Plus spécifiquement, ces investissements permettront notamment de :

  • bonifier la mesure exceptionnelle de soutien à l'intégration dans les services de garde à l'enfance pour les enfants ayant d'importants besoins,
  • augmenter les allocations spécifiques aux bureaux coordonnateurs pour réaliser des projets visant l'amélioration de la qualité éducative des services de gardes éducatifs à l'enfance en milieu familiale,
  • augmenter le financement accordé aux organismes communautaires familles et aux haltes-garderies communautaires dans le but de renforcer leurs capacités à accompagner les parents ayant les plus grands besoins de soutien pour assumer leurs rôles dans le développement global et la réussite éducatives de leurs enfants,
  • financer des projets d'aménagement ou de réaménagement des aires de jeux extérieurs des centres de la petite enfance,
  • Soutenir financièrement différents organismes afin qu'ils puissent rejoindre les parents des enfants qui ne fréquentent pas de services éducatifs, en particulier ceux de milieux défavorisés et ceux issus de l'immigration et leur offrir un service éducatif adéquat.

Pour améliorer les services aux familles touchées par le trouble du spectre de l'autisme

En vue d'améliorer les services aux familles touchées par le trouble du spectre de l'autisme, le gouvernement du Québec dévoilera son Plan d'action 2017 à 2022 qui comporte 35 actions qui contribueront è réduire les listes d'attente et à rehausser la qualité des services.

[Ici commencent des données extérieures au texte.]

(* Let $K$ be a field of any characteristic and let $I_A\subset K[x_1,\ldots,x_n]$ be a toric ideal of height $r\ge 2$. If $I_A$ is a set-theoretic complete intersection on binomials, then $I_A$ is radical splittable.
   Context: $A=\{{\bf a}_1,\ldots,{\bf a}_n\}\subset\mathbb{Z}^m$ is a vector configuration with $\ker_{\mathbb{Z}}(A)\cap\mathbb{N}^n=\{{\bf 0}\}$, where $\ker_{\mathbb{Z}}(A)=\{{\bf u}\in\mathbb{Z}^n\mid\sum u_i{\bf a}_i={\bf 0}\}$; $I_A$ is the kernel of $K[x_1,\ldots,x_n]\to K[t_1^{\pm1},\ldots,t_m^{\pm1}]$, $x_i\mapsto{\bf t}^{{\bf a}_i}$. The height of $I_A$ equals $\dim_{\mathbb{Q}}\ker_{\mathbb{Q}}(A)$. The binomial arithmetical rank $\mathrm{bar}(I_A)$ is the smallest $t$ such that there exist binomials $B_1,\ldots,B_t\in I_A$ with $I_A=\mathrm{rad}(B_1,\ldots,B_t)$; $I_A$ is a set-theoretic complete intersection on binomials if $\mathrm{bar}(I_A)=\mathrm{ht}(I_A)$. $I_A$ is radical splittable if there exist toric ideals $I_{A_1},I_{A_2}\subset K[x_1,\ldots,x_n]$ with $I_A=\mathrm{rad}(I_{A_1}+I_{A_2})$ and $I_{A_i}\ne I_A$ for $i=1,2$. *)

theory Defs
  imports Complex_Main "HOL-Library.Poly_Mapping" "HOL-Library.Function_Algebras"
begin

text \<open>Polynomial ring K[x_i | i in 'n] with 'n a finite type (n = CARD('n)):
  polynomials are finitely supported maps from exponent vectors ('n =>0 nat) to K.\<close>

type_synonym ('n, 'k) mpoly = "('n \<Rightarrow>\<^sub>0 nat) \<Rightarrow>\<^sub>0 'k"

text \<open>A vector configuration A = {a_1,...,a_n} in Z^m is given as a map
  A :: 'n => 'c => int  (A i = a_i, coordinates indexed by 'c).
  The degree of an exponent vector u is A u = sum_i u_i a_i.\<close>

definition cfg_deg :: "('n::finite \<Rightarrow> 'c \<Rightarrow> int) \<Rightarrow> ('n \<Rightarrow>\<^sub>0 nat) \<Rightarrow> ('c \<Rightarrow> int)" where
  "cfg_deg A u = (\<lambda>j. \<Sum>i\<in>UNIV. int (Poly_Mapping.lookup u i) * A i j)"

text \<open>Toric ideal I_A: kernel of the K-algebra map x_i |-> t^(a_i) into the
  Laurent polynomial ring; the image of f has coefficient of t^w equal to the
  sum of the coefficients of f at exponents u with A u = w.\<close>

definition toric_ideal :: "('n::finite \<Rightarrow> 'c \<Rightarrow> int) \<Rightarrow> ('n, 'k::field) mpoly set" where
  "toric_ideal A = {f. \<forall>w. (\<Sum>u\<in>{u \<in> Poly_Mapping.keys f. cfg_deg A u = w}. Poly_Mapping.lookup f u) = 0}"

definition pointed_cfg :: "('n::finite \<Rightarrow> 'c \<Rightarrow> int) \<Rightarrow> bool" where
  "pointed_cfg A \<longleftrightarrow> (\<forall>u::'n \<Rightarrow> nat. (\<forall>j. (\<Sum>i\<in>UNIV. int (u i) * A i j) = 0) \<longrightarrow> (\<forall>i. u i = 0))"

text \<open>Height of I_A, which equals dim_Q ker_Q(A).\<close>

definition toric_height :: "('n::finite \<Rightarrow> 'c \<Rightarrow> int) \<Rightarrow> nat" where
  "toric_height A =
     vector_space.dim (\<lambda>(c::rat) (x::'n \<Rightarrow> rat) i. c * x i)
       {x :: 'n \<Rightarrow> rat. \<forall>j. (\<Sum>i\<in>UNIV. x i * of_int (A i j)) = 0}"

definition monom :: "('n \<Rightarrow>\<^sub>0 nat) \<Rightarrow> ('n, 'k::field) mpoly" where
  "monom u = Poly_Mapping.single u 1"

definition is_binomial :: "('n, 'k::field) mpoly \<Rightarrow> bool" where
  "is_binomial f \<longleftrightarrow> (\<exists>u v. f = monom u - monom v)"

definition gen_ideal :: "'a::comm_ring_1 set \<Rightarrow> 'a set" where
  "gen_ideal S = {f. \<exists>F c. finite F \<and> F \<subseteq> S \<and> f = (\<Sum>s\<in>F. c s * s)}"

definition rad :: "'a::comm_ring_1 set \<Rightarrow> 'a set" where
  "rad I = {f. \<exists>k::nat. f ^ k \<in> I}"

definition bar :: "('n, 'k::field) mpoly set \<Rightarrow> nat" where
  "bar I = (LEAST t. \<exists>Bs. length Bs = t \<and> (\<forall>B\<in>set Bs. is_binomial B \<and> B \<in> I)
                            \<and> I = rad (gen_ideal (set Bs)))"

definition stci_binomials :: "('n::finite \<Rightarrow> 'c \<Rightarrow> int) \<Rightarrow> 'k::field itself \<Rightarrow> bool" where
  "stci_binomials A _ \<longleftrightarrow> bar (toric_ideal A :: ('n, 'k) mpoly set) = toric_height A"

text \<open>Radical splittable: toric ideals I_{A_1}, I_{A_2} (A_i subset Z^{m_i}, encoded as
  maps 'n => nat => int vanishing at coordinates >= m_i).\<close>

definition radical_splittable :: "('n::finite, 'k::field) mpoly set \<Rightarrow> bool" where
  "radical_splittable I \<longleftrightarrow>
     (\<exists>(A1 :: 'n \<Rightarrow> nat \<Rightarrow> int) (A2 :: 'n \<Rightarrow> nat \<Rightarrow> int) m1 m2.
        (\<forall>i j. m1 \<le> j \<longrightarrow> A1 i j = 0) \<and> (\<forall>i j. m2 \<le> j \<longrightarrow> A2 i j = 0) \<and>
        I = rad {f + g | f g. f \<in> toric_ideal A1 \<and> g \<in> toric_ideal A2} \<and>
        toric_ideal A1 \<noteq> I \<and> toric_ideal A2 \<noteq> I)"

end

theory Submission
  imports Defs
begin

(*
  Write I_A = rad(B_1, ..., B_r) with binomials B_i = x^(u_i) - x^(v_i), where r = ht I_A.
  For fewer than r binomials of I_A the differences u_i - v_i cannot span ker_Q(A), so some
  integral linear form d vanishes on them but not on some w in ker_Z(A). Appending d to A as a
  new coordinate gives a configuration A' whose toric ideal contains those binomials but not
  x^(w+) - x^(w-), hence is strictly smaller than I_A. Doing this for {B_1} and for
  {B_2, ..., B_r} yields A_1, A_2 with (B_1, ..., B_r) inside I_(A_1) + I_(A_2) inside I_A, and
  I_A = rad(I_(A_1) + I_(A_2)) because toric ideals are radical.

  That bar(I_A) is attained by some list of binomials at all rests on I_A being generated by
  finitely many binomials (the minimal ones, by Dickson's lemma).
*)

section \<open>Ideals\<close>

definition is_ideal :: "'a::comm_ring_1 set \<Rightarrow> bool" where
  "is_ideal J \<longleftrightarrow> 0 \<in> J \<and> (\<forall>x\<in>J. \<forall>y\<in>J. x + y \<in> J) \<and> (\<forall>a. \<forall>x\<in>J. a * x \<in> J)"

lemma is_ideal_zero: "is_ideal J \<Longrightarrow> 0 \<in> J"
  by (simp add: is_ideal_def)

lemma is_ideal_add: "is_ideal J \<Longrightarrow> x \<in> J \<Longrightarrow> y \<in> J \<Longrightarrow> x + y \<in> J"
  by (simp add: is_ideal_def)

lemma is_ideal_mult: "is_ideal J \<Longrightarrow> x \<in> J \<Longrightarrow> a * x \<in> J"
  by (simp add: is_ideal_def)

lemma gen_ideal_subset: "S \<subseteq> gen_ideal S"
proof
  fix s assume "s \<in> S"
  then show "s \<in> gen_ideal S"
    unfolding gen_ideal_def by (intro CollectI exI[of _ "{s}"] exI[of _ "\<lambda>_. 1"]) simp
qed

lemma is_ideal_gen_ideal: "is_ideal (gen_ideal S)"
  unfolding is_ideal_def
proof (intro conjI ballI allI)
  show "0 \<in> gen_ideal S"
    unfolding gen_ideal_def by (intro CollectI exI[of _ "{}"]) simp
next
  fix x y assume "x \<in> gen_ideal S" "y \<in> gen_ideal S"
  then obtain F c G e where F: "finite F" "F \<subseteq> S" "x = (\<Sum>s\<in>F. c s * s)"
    and G: "finite G" "G \<subseteq> S" "y = (\<Sum>s\<in>G. e s * s)"
    unfolding gen_ideal_def by blast
  have extend: "(\<Sum>s\<in>H. b s * s) = (\<Sum>s\<in>F \<union> G. (if s \<in> H then b s else 0) * s)"
    if "H \<subseteq> F \<union> G" for H b
    by (rule sum.mono_neutral_cong_left) (use F G that in auto)
  have "x = (\<Sum>s\<in>F \<union> G. (if s \<in> F then c s else 0) * s)"
    unfolding F(3) by (rule extend) simp
  moreover have "y = (\<Sum>s\<in>F \<union> G. (if s \<in> G then e s else 0) * s)"
    unfolding G(3) by (rule extend) simp
  ultimately have "x + y = (\<Sum>s\<in>F \<union> G. ((if s \<in> F then c s else 0) + (if s \<in> G then e s else 0)) * s)"
    by (simp add: distrib_right sum.distrib)
  then show "x + y \<in> gen_ideal S"
    unfolding gen_ideal_def using F G
    by (intro CollectI exI[of _ "F \<union> G"] exI[of _ "\<lambda>s. (if s \<in> F then c s else 0) + (if s \<in> G then e s else 0)"])
      simp
next
  fix a x assume "x \<in> gen_ideal S"
  then obtain F c where F: "finite F" "F \<subseteq> S" "x = (\<Sum>s\<in>F. c s * s)"
    unfolding gen_ideal_def by blast
  then have "a * x = (\<Sum>s\<in>F. (a * c s) * s)"
    by (simp add: sum_distrib_left mult.assoc)
  then show "a * x \<in> gen_ideal S"
    unfolding gen_ideal_def using F by (intro CollectI exI[of _ F] exI[of _ "\<lambda>s. a * c s"]) simp
qed

lemma gen_ideal_least:
  assumes "is_ideal J" "S \<subseteq> J"
  shows "gen_ideal S \<subseteq> J"
proof
  fix f assume "f \<in> gen_ideal S"
  then obtain F c where F: "finite F" "F \<subseteq> S" "f = (\<Sum>s\<in>F. c s * s)"
    unfolding gen_ideal_def by blast
  have "(\<Sum>s\<in>F. c s * s) \<in> J" using F(1,2)
    by (induction F rule: finite_induct) (use assms in \<open>auto simp: is_ideal_def\<close>)
  then show "f \<in> J" using F(3) by simp
qed

lemma rad_mono: "I \<subseteq> J \<Longrightarrow> rad I \<subseteq> rad J"
  unfolding rad_def by blast

definition ideal_sum :: "'a::comm_ring_1 set \<Rightarrow> 'a set \<Rightarrow> 'a set" where
  "ideal_sum I J = {f + g | f g. f \<in> I \<and> g \<in> J}"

Les investissements annoncés permettront, notamment :

  • D'augmenter le nombre d'enfants de moins de 5 ans bénéficiant du programme d'intervention comportementale intensive;
  • D'affecter systématiquement un intervenant pivot aux jeunes dès l'accès aux services;
  • D'assurer une continuité du service à la fin de la scolarisation.

Plus de services pour les jeunes en difficulté et leur famille – annoncé le 28 novembre 2017

Le gouvernement du Québec investira des sommes additionnelles afin d'améliorer l'accès aux services psycho-sociaux et à l'augmentation du taux de prise en charge de ces jeunes par des éducateurs et psychoéducateurs.

Des sommes additionnelles pour rehausser les services de psychologie destinés aux jeunes en difficulté – annoncé le 12 mars 2018

Ces investissements vont notamment permettre l'ajout de 100 postes de psychologues jeunesse ainsi que l'ajout d'autres professionnels afin de compléter les équipes multidisciplinaires jeunesse des centres intégrés de santé et services sociaux

Plan d'action sur les fugues en centre de réadaptation

Le plan d'action du gouvernement du Québec comporte 24 actions regroupées sous 7 grands thèmes, soit :

  • Une offre de service en réadaptation mieux adaptée aux jeunes à risque;
  • Une intervention individualisée répondant aux besoins particuliers des jeunes;
  • Des professionnels soutenus;
  • La concertation entre les partenaires;
  • La fugue et l'exploitation sexuelle : une attention particulière;
  • Le développement, l'évaluation et le transfert des connaissances;
  • La fugue des jeunes hébergés en centre de réadaptation, une priorité nationale.

Annexe 2 : Estimation des montants transférés au Québec 2017 à 2028*

Exercice financier Montants estimés de la contribution du Canada au Québec**
2017 à 2018 87 447 014 $
2018 à 2019 87 373 383 $
2019 à 2020 87 373 383 $
2020 à 2021 87 373 383 $
2021 à 2022 87 373 383 $
2022 à 2023 115 957 122 $
2023 à 2024 125 446 923 $
2024 à 2025 125 446 923 $
2025 à 2026 126 704 608 $
2026 à 2027 141 110 812 $
2027 à 2028 141 110 812 $
Total 1 212 717 749 $

*Le financement postérieur à cet accord sera confirmé lors du renouvellement des accords bilatéraux.
**Montants indiqués à titre indicatif pour les années 2018 à 2019 et 2027 à 2028 et basés sur les projections démographiques de Statistiques Canada de juillet 2017.